We first load necessary packages and the data.
library(kableExtra)
library(tidyverse)
library(tseries)
library(forecast)
library(ggplot2)
setwd("D:/Arima")
data<-read.csv("bitcoin2.csv",header=T,sep=",")
attach(data)
price.ts<-ts(data$price, frequency=7)
We observed lack of stationarity from the first series, we however need to confirm whether indeed the series is non-stationary and in this case use ADF test. From the test below whose null hypothesis is a non-stationary random walk process, we confirm that the series is non-stationary and we thus need to take the first difference to make the series stationary.
adf.test(price.ts)
##
## Augmented Dickey-Fuller Test
##
## data: price.ts
## Dickey-Fuller = -0.41933, Lag order = 3, p-value = 0.9796
## alternative hypothesis: stationary
After taking the first difference the second plot indicate presence of statiority in our data and this is confirmed by ADF test. In this case our model will be of the form ARIMA(p,1,q). We need to identify p and q using autocorrelation function (ACF) and partial autocorrelation function (PACF) plots.
price<-diff(price.ts)
plot(price)
adf.test(price)
##
## Augmented Dickey-Fuller Test
##
## data: price
## Dickey-Fuller = -3.3728, Lag order = 3, p-value = 0.07855
## alternative hypothesis: stationary
PACF plot below shows a significant spike on first order and thus we have an AR(1) process. On the other hand, the ACF plot shows a significant spike on order of two and this indicate a moving average process of order two MA(2). However, by rule of parsimony we shall select the best model from the following: ARIMA(1,1,0); ARIMA(1,1,1) and ARIMA(1,1,2)
acf(price)
pacf(price)
We will select the best model using Akaike Information Criterion (AIC), whereby we identify the model with the smallest AIC value. According to the results, model3 i.e.
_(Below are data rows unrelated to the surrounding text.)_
(* Let $m\ge 1$, let $\lambda_1,\ldots,\lambda_m\in\mathbb R$ be constants, and let $S_1,\ldots,S_m:\mathbb R^m\to\mathbb R$ be smooth functions. Let $Q_{1,0},\ldots,Q_{m,0}:\mathbb R\to\mathbb R$ be smooth initial data and let $Q_\ell:\mathbb R^+_0\times\mathbb R\to\mathbb R$, $\ell=1,\ldots,m$, be the smooth solution of $$(\partial_t+\lambda_\ell\partial_x)Q_\ell=S_\ell(Q_1,\ldots,Q_m),\qquad Q_\ell(0,x)=Q_{\ell,0}(x),\qquad \ell=1,\ldots,m.$$ Fix $\alpha\in(0,1)$. For $t\ge 0$, $x\in\mathbb R$ and $k,\ell=1,\ldots,m$ define $$\xi_{\ell k}:=x-\lambda_\ell t(1-\alpha)-\lambda_k\alpha t,\qquad Q^*_{k\ell}:=Q_{k,0}(\xi_{\ell k})+\alpha t\,S_k\big(Q_{1,0}(\xi_{\ell k}),\ldots,Q_{m,0}(\xi_{\ell k})\big),$$ and $$Q^{(1)}_\ell(t,x):=Q_{\ell,0}(x-\lambda_\ell t)+\Big(1-\frac{1}{2\alpha}\Big)t\,S_\ell\big(Q_{1,0}(x-\lambda_\ell t),\ldots,Q_{m,0}(x-\lambda_\ell t)\big)+\frac{t}{2\alpha}S_\ell\big(Q^*_{1\ell},\ldots,Q^*_{m\ell}\big).$$ Then for every fixed $x$ and every $\ell=1,\ldots,m$, $Q^{(1)}_\ell(t,x)=Q_\ell(t,x)+\mathcal O(t^3)$ as $t\to0$.
   Context: This is an approximate ("RK2") evolution operator for a linear hyperbolic system written in characteristic variables $Q_\ell$ with constant characteristic speeds $\lambda_\ell$ and a possibly nonlinear source $S$. *)

theory Defs
  imports "HOL-Analysis.Analysis" "HOL-Library.Landau_Symbols"
begin

text \<open>C-infinity smoothness on a set U (derivatives taken within U, so closed
half-planes are allowed): f is (Frechet) differentiable within U at every point
of U, and every first-order partial derivative is again smooth on U.
This coinductive definition yields existence of all iterated partial
derivatives of every order (hence their continuity).\<close>
coinductive smooth_on :: "'a::euclidean_space set \<Rightarrow> ('a \<Rightarrow> real) \<Rightarrow> bool" where
  "(\<forall>x\<in>U. f differentiable (at x within U)) \<Longrightarrow>
   (\<forall>b\<in>Basis. smooth_on U (\<lambda>x. frechet_derivative f (at x within U) b)) \<Longrightarrow>
   smooth_on U f"

text \<open>The half-plane t \<ge> 0, points written (t, x).\<close>
definition halfplane :: "(real \<times> real) set" where
  "halfplane = {0..} \<times> UNIV"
ARIMA(1,1,2) is the best model.
model1<-arima(price,order=c(1,1,0))
model2<-arima(price,order=c(1,1,1))
model3<-arima(price,order=c(1,1,2))
print(model1);print(model2);print(model3)
##
## Call:
## arima(x = price, order = c(1, 1, 0))
##
## Coefficients:
## ar1
## -0.6030
## s.e. 0.1356
##
## sigma^2 estimated as 61.34: log likelihood = -111.49, aic = 226.99
##
## Call:
## arima(x = price, order = c(1, 1, 1))
##
## Coefficients:
## ar1 ma1
## -0.3303 -0.9585
## s.e. 0.1684 0.1511
##
## sigma^2 estimated as 33.18: log likelihood = -102.99, aic = 211.99
##
## Call:
## arima(x = price, order = c(1, 1, 2))
##
## Coefficients:
## ar1 ma1 ma2
## 0.2289 -1.7563 1.0000
## s.e. 0.1863 0.1640 0.1813
##
## sigma^2 estimated as 26.78: log likelihood = -101.19, aic = 210.38
plot(forecast(Arima(y = price.ts, order = c(1,1,2))) )
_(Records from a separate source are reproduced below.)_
definition heis_mult :: "heis \<Rightarrow> heis \<Rightarrow> heis" where
  "heis_mult p q = (case p of (x, y, t) \<Rightarrow> case q of (x', y', t') \<Rightarrow>
      (x + x', y + y', t + t' + (x * y' - y * x') / 2))"

definition heis_inv :: "heis \<Rightarrow> heis" where
  "heis_inv p = (case p of (x, y, t) \<Rightarrow> (- x, - y, - t))"

definition heis_one :: heis where
  "heis_one = (0, 0, 0)"

definition heis_dil :: "real \<Rightarrow> heis \<Rightarrow> heis" where
  "heis_dil s p = (case p of (x, y, t) \<Rightarrow> (s * x, s * y, s\<^sup>2 * t))"

definition homogeneous_distance :: "(heis \<Rightarrow> heis \<Rightarrow> real) \<Rightarrow> bool" where
  "homogeneous_distance d \<longleftrightarrow>
     (\<forall>p q. d p q = 0 \<longleftrightarrow> p = q) \<and>
     (\<forall>p q. d p q = d q p) \<and>
     (\<forall>p q r. d p r \<le> d p q + d q r) \<and>
     (\<forall>g p q. d (heis_mult g p) (heis_mult g q) = d p q) \<and>
     (\<forall>S. open S \<longleftrightarrow> (\<forall>p\<in>S. \<exists>r>0. \<forall>q. d p q < r \<longrightarrow> q \<in> S)) \<and>
     (\<forall>s p q. d (heis_dil s p) (heis_dil s q) = \<bar>s\<bar> * d p q)"

definition ell1 :: "(heis \<Rightarrow> heis \<Rightarrow> real) \<Rightarrow> (nat \<Rightarrow> heis) set" where
  "ell1 d = {x. summable (\<lambda>n. d (x n) heis_one)}"

definition ell1_dist :: "(heis \<Rightarrow> heis \<Rightarrow> real) \<Rightarrow> (nat \<Rightarrow> heis) \<Rightarrow> (nat \<Rightarrow> heis) \<Rightarrow> real" where
  "ell1_dist d x y = (\<Sum>n. d (x n) (y n))"

definition ell1_mult :: "(nat \<Rightarrow> heis) \<Rightarrow> (nat \<Rightarrow> heis) \<Rightarrow> (nat \<Rightarrow> heis)" where
  "ell1_mult x y = (\<lambda>n. heis_mult (x n) (y n))"

definition ell1_inv :: "(nat \<Rightarrow> heis) \<Rightarrow> (nat \<Rightarrow> heis)" where
  "ell1_inv x = (\<lambda>n. heis_inv (x n))"

definition ell1_topology :: "(heis \<Rightarrow> heis \<Rightarrow> real) \<Rightarrow> (nat \<Rightarrow> heis) topology" where
  "ell1_topology d = topology (\<lambda>V. V \<subseteq> ell1 d \<and>
      (\<forall>x\<in>V. \<exists>r>0. \<forall>y\<in>ell1 d. ell1_dist d x y < r \<longrightarrow> y \<in> V))"

text \<open>D k x is the k-th Frechet derivative at x, seen as a k-linear map acting on the
  first k entries of h; it is required to be the derivative of D (k-1), and
  x \<mapsto> D k x is continuous in the operator norm (sup over the unit ball).\<close>
definition smooth_on :: "'a::real_normed_vector set \<Rightarrow> ('a \<Rightarrow> 'b::real_normed_vector) \<Rightarrow> bool" where
  "smooth_on U f \<longleftrightarrow> open U \<and>
    (\<exists>D :: nat \<Rightarrow> 'a \<Rightarrow> (nat \<Rightarrow> 'a) \<Rightarrow> 'b.
      (\<forall>x\<in>U. \<forall>h. D 0 x h = f x) \<and>
      (\<forall>k. \<forall>x\<in>U. \<forall>h h'. (\<forall>i<k. h i = h' i) \<longrightarrow> D k x h = D k x h') \<and>
      (\<forall>k. \<forall>x\<in>U. \<forall>h. ((\<lambda>y. D k y h) has_derivative (\<lambda>v. D (Suc k) x (h(k := v)))) (at x)) \<and>
      (\<forall>k. \<forall>x\<in>U. \<forall>e>0. \<exists>\<delta>>0. \<forall>y\<in>U. dist y x < \<delta> \<longrightarrow>
          (\<forall>h. (\<forall>i<k. norm (h i) \<le> 1) \<longrightarrow> norm (D k y h - D k x h) \<le> e)))"

definition banach_lie_group :: "'g topology \<Rightarrow> ('g \<Rightarrow> 'g \<Rightarrow> 'g) \<Rightarrow> ('g \<Rightarrow> 'g) \<Rightarrow> 'e::banach itself \<Rightarrow> bool" where
  "banach_lie_group T m i _ \<longleftrightarrow>
    (\<exists>A :: ('g set \<times> ('g \<Rightarrow> 'e)) set.
      (\<forall>(U, \<phi>)\<in>A. openin T U \<and> open (\<phi> ` U) \<and>
          homeomorphic_map (subtopology T U) (top_of_set (\<phi> ` U)) \<phi>) \<and>
      topspace T \<subseteq> \<Union>(fst ` A) \<and>
      (\<forall>(U, \<phi>)\<in>A. \<forall>(V, \<psi>)\<in>A. smooth_on (\<phi> ` (U \<inter> V)) (\<psi> \<circ> inv_into U \<phi>)) \<and>
      (\<forall>(U, \<phi>)\<in>A. \<forall>(V, \<psi>)\<in>A. \<forall>(W, \<theta>)\<in>A.
         smooth_on {p \<in> \<phi> ` U \<times> \<psi> ` V. m (inv_into U \<phi> (fst p)) (inv_into V \<psi> (snd p)) \<in> W}
           (\<lambda>p. \<theta> (m (inv_into U \<phi> (fst p)) (inv_into V \<psi> (snd p))))) \<and>
      (\<forall>(U, \<phi>)\<in>A. \<forall>(V, \<psi>)\<in>A.
         smooth_on {a \<in> \<phi> ` U. i (inv_into U \<phi> a) \<in> V} (\<lambda>a. \<psi> (i (inv_into U \<phi> a)))))"

end

theory Submission
  imports Defs
begin

(*
  Suppose \<ell>\<^sub>1(\<bbbH>\<^sup>1) were a Banach Lie group, with a chart \<phi> at the unit e. Read through \<phi>,
  multiplication is C\<^sup>1 with derivative (a, b) \<mapsto> a + b at (\<phi> e, \<phi> e), so near \<phi> e it is
  additive up to an error \<epsilon>(|a| + |b|). Hence squaring almost doubles the distance to \<phi> e,
  and a commutator is much closer to \<phi> e than its factors.

  In \<bbbH>\<^sup>1 the central element (0, 0, \<delta>\<^sup>2/4\<^sup>j) is the commutator of (\<delta>, 0, 0) and (0, \<delta>/4\<^sup>j, 0),
  and the latter is a 4\<^sup>j-th root of (0, \<delta>, 0); placed in one coordinate of \<ell>\<^sub>1, its chart
  image is therefore within O((4/7)\<^sup>2\<^sup>j) of \<phi> e. The product of 2\<^sup>j such elements in distinct
  coordinates has chart image within O((32/49)\<^sup>j) of \<phi> e, while by homogeneity its
  \<ell>\<^sub>1-distance from e is 2\<^sup>j (\<delta>/2\<^sup>j) d(e, (0, 0, 1)), independent of j. So \<phi>\<^sup>-\<^sup>1 is not
  continuous at \<phi> e.
*)

section \<open>Multiplication in a chart at the identity\<close>

lemma onorm_le_unit_sphere:
  fixes f :: "'a::real_normed_vector \<Rightarrow> 'b::real_normed_vector"
  assumes "linear f" "0 \<le> e" "\<And>v. norm v = 1 \<Longrightarrow> norm (f v) \<le> e"
  shows "onorm f \<le> e"
proof (rule onorm_bound[OF assms(2)])
  fix v :: 'a
  show "norm (f v) \<le> e * norm v"
  proof (cases "v = 0")
    case True
    then show ?thesis using linear_0[OF assms(1)] by simp
  next
    case False
    have "f v = f (norm v *\<^sub>R (v /\<^sub>R norm v))"
      using False by simp
    also have "\<dots> = norm v *\<^sub>R f (v /\<^sub>R norm v)"
      by (rule linear_scale[OF assms(1)])
    finally have "norm (f v) = norm v * norm (f (v /\<^sub>R norm v))"
      by simp
    moreover have "norm (f (v /\<^sub>R norm v)) \<le> e"
      using assms(3) False by simp
    ultimately show ?thesis
      by (metis mult.commute mult_left_mono norm_ge_zero)
  qed
qed

lemma smooth_on_imp_C1:
  fixes f :: "'a::real_normed_vector \<Rightarrow> 'b::real_normed_vector"
  assumes "smooth_on \<Omega> f"
  obtains f' where "\<And>x. x \<in> \<Omega> \<Longrightarrow> (f has_derivative f' x) (at x)"
    and "\<And>x e. x \<in> \<Omega> \<Longrightarrow> e > 0 \<Longrightarrow> \<exists>\<delta>>0. \<forall>y\<in>\<Omega>. dist y x < \<delta> \<longrightarrow> onorm (f' y - f' x) \<le> e"
proof -
  obtain D :: "nat \<Rightarrow> 'a \<Rightarrow> (nat \<Rightarrow> 'a) \<Rightarrow> 'b" where
    "open \<Omega>" and D0: "\<forall>x\<in>\<Omega>. \<forall>h. D 0 x h = f x"
    and D_deriv: "\<forall>k. \<forall>x\<in>\<Omega>. \<forall>h. ((\<lambda>y. D k y h) has_derivative (\<lambda>v. D (Suc k) x (h(k := v)))) (at x)"
    and D_cont: "\<forall>k. \<forall>x\<in>\<Omega>. \<forall>e>0. \<exists>\<delta>>0. \<forall>y\<in>\<Omega>. dist y x < \<delta> \<longrightarrow>
          (\<forall>h. (\<forall>i<k. norm (h i) \<le> 1) \<longrightarrow> norm (D k y h - D k x h) \<le> e)"
    using assms unfolding smooth_on_def by blast
  define f' where "f' x v = D 1 x ((\<lambda>_. 0)(0 := v))" for x v
  have deriv: "(f has_derivative f' x) (at x)" if "x \<in> \<Omega>" for x
  proof -
    have "((\<lambda>y. D 0 y (\<lambda>_. 0)) has_derivative f' x) (at x)"
      using D_deriv that unfolding f'_def One_nat_def by blast
    then show ?thesis
      by (rule has_derivative_transform_within_open[OF _ \<open>open \<Omega>\<close> that]) (use D0 in auto)
  qed
  moreover have "\<exists>\<delta>>0. \<forall>y\<in>\<Omega>. dist y x < \<delta> \<longrightarrow> onorm (f' y - f' x) \<le> e"
    if x: "x \<in> \<Omega>" and "e > 0" for x e
  proof -
    obtain \<delta> where "\<delta> > 0" and \<delta>: "\<forall>y\<in>\<Omega>. dist y x < \<delta> \<longrightarrow>
        (\<forall>h. (\<forall>i<1. norm (h i) \<le> 1) \<longrightarrow> norm (D 1 y h - D 1 x h) \<le> e)"
      using D_cont x \<open>e > 0\<close> by blast
    have "onorm (f' y - f' x) \<le> e" if "y \<in> \<Omega>" "dist y x < \<delta>" for y
    proof (rule onorm_le_unit_sphere)
      show "linear (f' y - f' x)"
        using has_derivative_linear[OF deriv[OF \<open>y \<in> \<Omega>\<close>]] has_derivative_linear[OF deriv[OF x]]
        by (simp add: fun_diff_def linear_compose_sub)
      show "norm ((f' y - f' x) v) \<le> e" if "norm v = 1" for v
        using \<delta> \<open>y \<in> \<Omega>\<close> \<open>dist y x < \<delta>\<close> that by (simp add: f'_def)
    qed (use \<open>e > 0\<close> in simp)
    with \<open>\<delta> > 0\<close> show ?thesis by blast
  qed
  ultimately show ?thesis using that by blast
qed

lemma C1_imp_strict_derivative:
  fixes f :: "'a::real_normed_vector \<Rightarrow> 'b::real_normed_vector"
  assumes "open \<Omega>" "x0 \<in> \<Omega>" and deriv: "\<And>x. x \<in> \<Omega> \<Longrightarrow> (f has_derivative f' x) (at x)"
    and cont: "\<exists>\<delta>>0. \<forall>y\<in>\<Omega>. dist y x0 < \<delta> \<longrightarrow> onorm (f' y - f' x0) \<le> \<epsilon>"
  shows "\<exists>r>0. ball x0 r \<subseteq> \<Omega> \<and>
    (\<forall>a\<in>ball x0 r. \<forall>b\<in>ball x0 r. norm (f b - f a - f' x0 (b - a)) \<le> \<epsilon> * norm (b - a))"
proof -
  obtain \<delta> where "\<delta> > 0" and \<delta>: "\<And>y. y \<in> \<Omega> \<Longrightarrow> dist y x0 < \<delta> \<Longrightarrow> onorm (f' y - f' x0) \<le> \<epsilon>"
    using cont by blast
  obtain r0 where "r0 > 0" "ball x0 r0 \<subseteq> \<Omega>"
    using assms(1,2) open_contains_ball by blast
  define r where "r = min r0 \<delta>"
  have "r > 0" "ball x0 r \<subseteq> \<Omega>"
    using \<open>r0 > 0\<close> \<open>\<delta> > 0\<close> \<open>ball x0 r0 \<subseteq> \<Omega>\<close> by (auto simp: r_def)
  moreover have "norm (f b - f a - f' x0 (b - a)) \<le> \<epsilon> * norm (b - a)"
    if "a \<in> ball x0 r" "b \<in> ball x0 r" for a b
  proof -
    have "norm (f b - f a - f' x0 (b - a)) \<le> norm (b - a) * \<epsilon>"
    proof (rule differentiable_bound_linearization[where S = "ball x0 r"])
      show "a + t *\<^sub>R (b - a) \<in> ball x0 r" if "t \<in> {0..1}" for t
        using convexD_alt[OF convex_ball \<open>a \<in> ball x0 r\<close> \<open>b \<in> ball x0 r\<close>, of t] that
        by (simp add: algebra_simps)
      show "(f has_derivative f' x) (at x within ball x0 r)" if "x \<in> ball x0 r" for x
        using deriv that \<open>ball x0 r \<subseteq> \<Omega>\<close> by (blast intro: has_derivative_at_withinI)
      show "onorm (f' x - f' x0) \<le> \<epsilon>" if "x \<in> ball x0 r" for x
        using \<delta> that \<open>ball x0 r \<subseteq> \<Omega>\<close> by (auto simp: r_def dist_commute)
    qed (use \<open>r > 0\<close> in simp)
    then show ?thesis by (simp add: mult.commute)
  qed
  ultimately show ?thesis by blast
qed

lemma unital_has_derivative_eq_add:
  fixes \<mu> :: "'a::real_normed_vector \<times> 'a \<Rightarrow> 'a"
  assumes "(\<mu> has_derivative L) (at (p, p))" and "open S" "p \<in> S"
    and "\<And>u. u \<in> S \<Longrightarrow> \<mu> (u, p) = u" "\<And>u. u \<in> S \<Longrightarrow> \<mu> (p, u) = u"
  shows "L (a, b) = a + b"
proof -
  have "((\<lambda>u. (u, p)) has_derivative (\<lambda>a. (a, 0))) (at p)"
    by (auto intro!: derivative_eq_intros)
  from has_derivative_compose[OF this, of \<mu> L]
  have "((\<lambda>u. \<mu> (u, p)) has_derivative (\<lambda>a. L (a, 0))) (at p)"
    using assms(1) by simp
  then have "(id has_derivative (\<lambda>a. L (a, 0))) (at p)"
    by (rule has_derivative_transform_within_open[OF _ assms(2,3)]) (simp add: assms(4))
  then have "(\<lambda>a. L (a, 0)) = id"
    by (rule has_derivative_unique[OF _ has_derivative_id])
  then have left: "L (a, 0) = a"
    by (simp add: fun_eq_iff)
  have "((\<lambda>u. (p, u)) has_derivative (\<lambda>b. (0, b))) (at p)"
    by (auto intro!: derivative_eq_intros)
  from has_derivative_compose[OF this, of \<mu> L]
  have "((\<lambda>u. \<mu> (p, u)) has_derivative (\<lambda>b. L (0, b))) (at p)"
    using assms(1) by simp
  then have "(id has_derivative (\<lambda>b. L (0, b))) (at p)"
    by (rule has_derivative_transform_within_open[OF _ assms(2,3)]) (simp add: assms(5))
  then have "(\<lambda>b. L (0, b)) = id"
    by (rule has_derivative_unique[OF _ has_derivative_id])
  then have right: "L (0, b) = b"
    by (simp add: fun_eq_iff)
  have "L ((a, 0) + (0, b)) = L (a, 0) + L (0, b)"
    using linear_add[OF has_derivative_linear[OF assms(1)]] .
  then show ?thesis by (simp add: left right)
qed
fit<-predict(arima(price.ts,order=c(1,1,2)), n.ahead = 5)
y<-fit$pred
fit1<-data.frame(y)
We will now predict the price of Bitcoins in USD for two consequtive days i.e. 30th Aug and 31st Aug, 2020.
h=11524.24
for (i in 2:nrow(fit1))
{
dy1=fit1$y[1]+11524.24
dy2=fit1$y[2]+dy1
}
Day_1=dy1
Day_2<-dy2
Predict<-rbind(Day_1,Day_2)
colnames(Predict)=c("USD")
head(Predict,3)
## USD
## Day_1 11538.93
## Day_2 11554.48